I once had a soul but then lost it...
With my death I can give great light...
I am well known in the Old Testament...But mentioned only once in the New Testament
No right or wrong can I conceive. The scripture I cannot believe.
Although my name therein is found, they are to men an empty sound.
No fear of death doth trouble me, real happiness I'll never see.
To heaven I shall never go, or to eternal hell below.

Who am I?

After you have searched and searched a while, the one with the answer will share with a smile!


----------



## N. Eshelman (Oct 6, 2008)

PuritanBouncer said:


> Although my name therein is found, they are to men an empty sound.

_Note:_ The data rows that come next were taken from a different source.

lemma properly_convex_domain_chart:
  assumes "properly_convex_domain K"
  obtains w where "chart_domain K w" and "hilbert_dist K = hilbert_chart w K"
proof -
  define w where "w = (SOME w. bounded_chart w K \<and> convex (chart_image w K))"
  have w: "bounded_chart w K" "convex (chart_image w K)"
    using someI_ex[of "\<lambda>w. bounded_chart w K \<and> convex (chart_image w K)"] assms
    unfolding w_def properly_convex_domain_def by auto
  have "convex K"
    using assms w convex_of_convex_chart_image[of K w]
    unfolding properly_convex_domain_def bounded_chart_def by blast
  then have "chart_domain K w"
    using assms w unfolding properly_convex_domain_def by unfold_locales auto
  moreover have "hilbert_dist K = hilbert_chart w K"
    unfolding hilbert_dist_def w_def by (rule refl)
  ultimately show ?thesis by (rule that)
qed

theorem mainTheorem14:
  fixes K C :: "'a::euclidean_space set" and a :: "nat \<Rightarrow> 'a \<Rightarrow> 'a" and m :: nat
    and M :: "real \<Rightarrow> 'a set"
  assumes "properly_convex_domain K"
    and "is_cone C" and "C \<subseteq> K" and "C \<noteq> {}" and "convex C"
    and "closedin (top_of_set K) C"
    and "\<And>j. j \<in> {1..m} \<Longrightarrow> proj_aut K (a j) \<and> a j ` C = C"
    and "M = (\<lambda>r. {x \<in> C. \<forall>j\<in>{1..m}. hilbert_dist K x (a j x) \<le> r})"
    and "r > 0"
  shows "convex hull (M r) \<subseteq> M (2 ^ (DIM('a) - 1) * r)"
proof
  obtain w where "chart_domain K w" and dist: "hilbert_dist K = hilbert_chart w K"
    using assms(1) by (rule properly_convex_domain_chart)
  interpret chart_domain K w by fact
  fix z assume z: "z \<in> convex hull (M r)"
  have MK: "M r \<subseteq> K" and MC: "M r \<subseteq> C" using assms(3,8) by auto
  then have "z \<in> C" using z hull_minimal[of "M r" C convex] assms(5) by blast
  moreover have "hilbert_chart w K z (a j z) \<le> 2 ^ (DIM('a) - 1) * r" if j: "j \<in> {1..m}" for j
  proof -
    have aj: "linear (a j)" "a j ` K \<subseteq> K" using assms(7)[OF j] unfolding proj_aut_def by auto
    have bound: "hilbert_chart w K x (a j x) \<le> r" if "x \<in> M r" for x
      using that j assms(8) dist by auto
    show ?thesis
    proof (cases "DIM('a) = 1")
      case True
      have "z \<in> K" using \<open>z \<in> C\<close> assms(3) by auto
      then show ?thesis using hilbert_chart_DIM_1[OF True] aj assms(9) by auto
    next
      case False
      then have "(2::real) ^ 1 \<le> 2 ^ (DIM('a) - 1)"
        using DIM_positive[where 'a='a] by (intro power_increasing) linarith+
      then have "2 * r \<le> 2 ^ (DIM('a) - 1) * r" using assms(9) by (intro mult_right_mono) auto
      with hilbert_chart_convex_hull_le[OF aj MK bound z] show ?thesis by linarith
    qed
  qed
  ultimately show "z \<in> M (2 ^ (DIM('a) - 1) * r)" using assms(8) dist by simp
qed

end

Is this line right? Is it 'they are to _me_ an empty sound.... or is _men_ right?


----------



## ReformedWretch (Oct 6, 2008)

good question, it says men but it could be a typo....


----------



## Backwoods Presbyterian (Oct 6, 2008)

How about Enoch?


----------



## LadyFlynt (Oct 6, 2008)

Hubby is pretty certain he knows, but he wants to find it first. One line is not completely accurate.


----------



## jambo (Oct 6, 2008)

It obviously is not a person. Would the answer be _Folly_?


----------



## biggandyy (Oct 6, 2008)

I found the answer... here is the full text of the question:

OLD RIDDLE 

GOD made Adam out of dust But thought it best to make me And I was made before the man According to God's holy plan My body he did make complete But without arms or legs or feet My ways and actions did control And I was made without a soul A living creature I became Twas Adam that gave me my name Then from his presence I withdrew Nor more of Adam ever knew I did my Maker's laws obey From them I never went astray Thousands of miles I roam in fear But seldom on the land appear But God in me did something see And put a living soul in me A soul in me the Lord did claim And took from me that soul again And when from me that soul was fled I was the same as when first made And without arms or legs or soul I travel now from pole to pole I labor hard both day and night To fallen men I give great light Thousands of people young and old Do by my death great light behold No fear of death doth trouble me Nor happiness I cannot see To heaven above I ne er shall go Nor to the grave nor hell below The Scriptures I cannot believe Whether right or wrong I can t conceive Although my name therein is found They are to me an empty sound And when friends these lines do read Go search the Scriptures with all speed And if my name you can t find there It will be strange I do declare.

(Sorry for the formatting problem. Read it here).


----------



## Barnpreacher (Oct 6, 2008)

Whale???


----------



## LadyFlynt (Oct 6, 2008)

a whale

(with my death, I bring great light...whale oil)


----------



## ReformedWretch (Oct 6, 2008)

heh

Here I thought the answer may have been "deeper" than that.

Thanks all!


----------



## nicnap (Oct 6, 2008)

The fish that swallowed Jonah...they use the blubber and oil for light...


----------